The market for baby formula is cornered by four companies — Abbott, Nestle/Gerber, Mead Johnson/Reckitt and Perrigo — that produce 90% of the formula sold in the U.S. (imports account for 2%). Abbott, Nestle and Mead Johnson are the only companies with WIC contracts. When Abbott’s Michigan facility closed down, supply plummeted and couldn’t keep up with the demand from a recent uptick in births.

But that’s what happens when monopolies seize control of the market. Abbott alone provides an outsized share of formula, so when one of its facilities went down, it created a gaping hole in the supply chain. And because of the shortage, the company is unlikely to face major backlash for putting infants’ health at risk, because the nation is desperate for the product that only it and a few others can provide.

The other problem has been the systematic dismantling and undermining of regulatory bodies like the FDA.

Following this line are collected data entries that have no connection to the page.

(* Let $S\subseteq\mathbb{N}^{\mathbb{N}}$. Suppose that for every finite sequence $g\in\mathbb{N}^{<\mathbb{N}}$ there are sequences $g_1,g_2\in\mathbb{N}^{\mathbb{N}}$, both extending $g$, with $g_1\in S$ and $g_2\notin S$. Then $S$ is not guessable.
   Context: $\mathbb{N}^{\mathbb{N}}$ is the set of all sequences $f:\mathbb{N}\to\mathbb{N}$ and $\mathbb{N}^{<\mathbb{N}}$ is the set of all finite sequences of naturals. A function $G:\mathbb{N}^{<\mathbb{N}}\to\{0,1\}$ is a guesser for $S\subseteq\mathbb{N}^{\mathbb{N}}$ if for every $f:\mathbb{N}\to\mathbb{N}$ there is some $m>0$ such that for all $n>m$, $G(f(0),\ldots,f(n))=1$ if $f\in S$ and $G(f(0),\ldots,f(n))=0$ if $f\notin S$. A set $S$ is guessable if it has a guesser. *)

theory Defs
  imports Main
begin

text \<open>Finite sequences of naturals are lists; infinite sequences are functions nat => nat.
  The prefix (f(0),...,f(n)) is  map f [0..<Suc n].\<close>

definition is_guesser :: "(nat list \<Rightarrow> bool) \<Rightarrow> (nat \<Rightarrow> nat) set \<Rightarrow> bool" where
  "is_guesser G S \<longleftrightarrow>
     (\<forall>f :: nat \<Rightarrow> nat. \<exists>m > 0. \<forall>n > m.
        (f \<in> S \<longrightarrow> G (map f [0..<Suc n]) = True) \<and>
        (f \<notin> S \<longrightarrow> G (map f [0..<Suc n]) = False))"

definition guessable :: "(nat \<Rightarrow> nat) set \<Rightarrow> bool" where
  "guessable S \<longleftrightarrow> (\<exists>G. is_guesser G S)"

definition extends :: "(nat \<Rightarrow> nat) \<Rightarrow> nat list \<Rightarrow> bool" where
  "extends f g \<longleftrightarrow> map f [0..<length g] = g"

end

theory Submission
  imports Defs "HOL-Library.Sublist"
begin

text \<open>Suppose G guessed S. Since every finite sequence extends both into S and out of S, and G
  eventually answers correctly along any infinite sequence, every finite sequence has proper
  extensions on which G answers 1 and proper extensions on which it answers 0. Alternating
  between the two builds an infinite sequence along whose prefixes G changes its answer
  infinitely often, so G cannot be a guesser.\<close>

lemma extends_iff_nth: "extends f xs \<longleftrightarrow> (\<forall>k < length xs. f k = xs ! k)"
  unfolding extends_def list_eq_iff_nth_eq by simp

lemma prefix_nth: "prefix xs ys \<Longrightarrow> k < length xs \<Longrightarrow> xs ! k = ys ! k"
  by (auto simp: prefix_def nth_append)

lemma prefix_chain_mono:
  assumes "\<And>i. prefix (L i) (L (Suc i))" and "j \<le> i"
  shows "prefix (L j) (L i)"
  using \<open>j \<le> i\<close>
proof (induction rule: dec_induct)
  case (step i)
  then show ?case using assms(1)[of i] prefix_order.trans by blast
qed simp

lemma prefix_chain_limit:
  fixes L :: "nat \<Rightarrow> 'a list"
  assumes chain: "\<And>i. prefix (L i) (L (Suc i))" and long: "\<And>i. i \<le> length (L i)"
  obtains f where "\<And>i k. k < length (L i) \<Longrightarrow> f k = L i ! k"
proof
  fix i k assume k: "k < length (L i)"
  have "k < length (L (Suc k))" using long[of "Suc k"] by simp
  moreover have "prefix (L (Suc k)) (L i) \<or> prefix (L i) (L (Suc k))"
    using prefix_chain_mono[of L, OF chain] by (cases "Suc k \<le> i") auto
  ultimately show "L (Suc k) ! k = L i ! k" using k by (auto dest: prefix_nth)
qed

lemma is_guesser_eventually_correct:
  assumes "is_guesser G S"
  obtains m where "\<And>xs. extends f xs \<Longrightarrow> m < length xs \<Longrightarrow> G xs = (f \<in> S)"
proof -
  obtain m where m: "\<forall>n > m. (f \<in> S \<longrightarrow> G (map f [0..<Suc n])) \<and>
      (f \<notin> S \<longrightarrow> \<not> G (map f [0..<Suc n]))"
    using assms unfolding is_guesser_def by auto
  show thesis
  proof (rule that[of "Suc m"])
    fix xs assume ext: "extends f xs" and len: "Suc m < length xs"
    then obtain n where "length xs = Suc n" and "m < n"
      by (metis Suc_lessE Suc_lessD)
    then show "G xs = (f \<in> S)"
      using m ext unfolding extends_def by metis
  qed
qed

lemma is_guesser_forced_answer:
  assumes G: "is_guesser G S" and dense: "\<exists>g1 g2. extends g1 p \<and> extends g2 p \<and> g1 \<in> S \<and> g2 \<notin> S"
  shows "\<exists>q. strict_prefix p q \<and> G q = b"
proof -
  obtain g where ext: "extends g p" and answer: "(g \<in> S) = b"
    using dense by (cases b) auto
  obtain m where m: "\<And>xs. extends g xs \<Longrightarrow> m < length xs \<Longrightarrow> G xs = (g \<in> S)"
    using is_guesser_eventually_correct[OF G] by blast
  define q where "q = map g [0..<Suc (max m (length p))]"
  have "p = take (length p) q"
    using ext unfolding extends_def q_def by (simp add: take_map)
  moreover have "length p < length q"
    unfolding q_def by simp
  ultimately have "strict_prefix p q"
    by (metis take_is_prefix prefix_order.le_neq_trans less_irrefl_nat)
  moreover have "G q = b"
    using m[of q] answer unfolding q_def extends_def by simp
  ultimately show ?thesis by blast
qed

lemma not_is_guesser_if_answers_forced:
  assumes forced: "\<And>p b. \<exists>q. strict_prefix p q \<and> G q = b"
  shows "\<not> is_guesser G S"
proof
  assume G: "is_guesser G S"
  define next_seq where "next_seq b p = (SOME q. strict_prefix p q \<and> G q = b)" for b p
  have next_seq: "strict_prefix p (next_seq b p) \<and> G (next_seq b p) = b" for b p
    unfolding next_seq_def using someI_ex[OF forced] .
  define L where "L = rec_nat [] (\<lambda>i. next_seq (even i))"
  have L_Suc: "L (Suc i) = next_seq (even i) (L i)" for i
    unfolding L_def by simp
  have chain: "prefix (L i) (L (Suc i))" for i
    using next_seq[of "L i" "even i"] L_Suc[of i] by (simp add: strict_prefix_def)
  have long: "i \<le> length (L i)" for i
  proof (induction i)
    case (Suc i)
    then show ?case using prefix_length_less[of "L i" "L (Suc i)"] next_seq L_Suc by simp
  qed simp
  obtain f where f: "\<And>i k. k < length (L i) \<Longrightarrow> f k = L i ! k"
    using prefix_chain_limit[OF chain long] by blast
  obtain m where m: "\<And>xs. extends f xs \<Longrightarrow> m < length xs \<Longrightarrow> G xs = (f \<in> S)"
    using is_guesser_eventually_correct[OF G] by blast
  have "G (L (Suc i)) = (f \<in> S)" if "m \<le> i" for i
    using m[of "L (Suc i)"] f long[of "Suc i"] that by (simp add: extends_iff_nth)
  then have "G (L (Suc m)) = G (L (Suc (Suc m)))" by simp
  then show False using next_seq L_Suc by simp
qed

theorem theorem2p2:
  fixes S :: "(nat \<Rightarrow> nat) set"
  assumes "\<forall>g :: nat list. \<exists>g1 g2. extends g1 g \<and> extends g2 g \<and> g1 \<in> S \<and> g2 \<notin> S"
  shows "\<not> guessable S"
  unfolding guessable_def
  using assms is_guesser_forced_answer not_is_guesser_if_answers_forced by blast

end
theorem lemma2p1:
  fixes M :: "'a measure"
    and X :: "'a \<Rightarrow> real^'n" and Y :: "'a \<Rightarrow> real^'m"
    and a :: "real^'n" and B :: "real^'m^'n" and R :: "'a \<Rightarrow> real^'n"
    and x :: "real^'n" and y :: "real^'m"
  assumes "prob_space M"
    and "X \<in> borel_measurable M" and "Y \<in> borel_measurable M"
    and "gaussian_vector M (\<lambda>\<omega>. (X \<omega>, Y \<omega>))"
    and "gaussian_regression M X Y a B R"
  shows
    "(Min (range (\<lambda>i. measure M {\<omega> \<in> space M. gcond_exp a B Y \<omega> $ i \<le> gcond_exp_at a B y $ i})) > 0
      \<longrightarrow> gcond_prob M a B R y (\<lambda>v. Min (range (\<lambda>i. v $ i - x $ i)) \<le> 0)
          \<le> measure M {\<omega> \<in> space M. Min (range (\<lambda>i. X \<omega> $ i - x $ i)) \<le> 0}
            / Min (range (\<lambda>i. measure M {\<omega> \<in> space M. gcond_exp a B Y \<omega> $ i \<le> gcond_exp_at a B y $ i})))
     \<and> ((\<forall>j. integral\<^sup>L M (\<lambda>\<omega>. Y \<omega> $ j) = 0)
      \<longrightarrow> measure M {\<omega> \<in> space M. Min (range (\<lambda>i. X \<omega> $ i - x $ i)) \<le> 0}
          \<ge> 1/2 * gcond_prob M a B R 0 (\<lambda>v. Min (range (\<lambda>i. v $ i - x $ i)) \<le> 0))"
proof -
  note bound = min_regression_prob_mult_gcond_prob_le[OF assms(1-3,5)]
  note half = centered_regression_min_prob_ge_half[OF assms(1) gaussian_vector_snd[OF assms(4,3)]]
  have "0 \<le> gcond_prob M a B R 0 P" for P
    by (simp add: gcond_prob_def)
  note centered_bound = order_trans[OF mult_right_mono[OF half this] bound[of 0 x]]
  show ?thesis
    using bound[of y x] centered_bound by (auto simp: pos_le_divide_eq mult.commute)
qed

end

Frankly, the FDA dropped the ball when it comes to the Abbott Michigan plant. But it’s hard to blame the FDA for failing when laissez faire congresses have stripped federal agencies of funding, increasingly conservative courts have stripped them of power and certain recent presidents staffed them with big-wigs from the very industries they are meant to regulate.

Increasing production and flying in formula is a short-term solution for the immediate crisis. But if we want to prevent this from happening again, the federal government needs to find Teddy Roosevelt’s big stick and start busting these monopolies, and it needs to reassert — and empower — the FDA’s mission to protect consumers.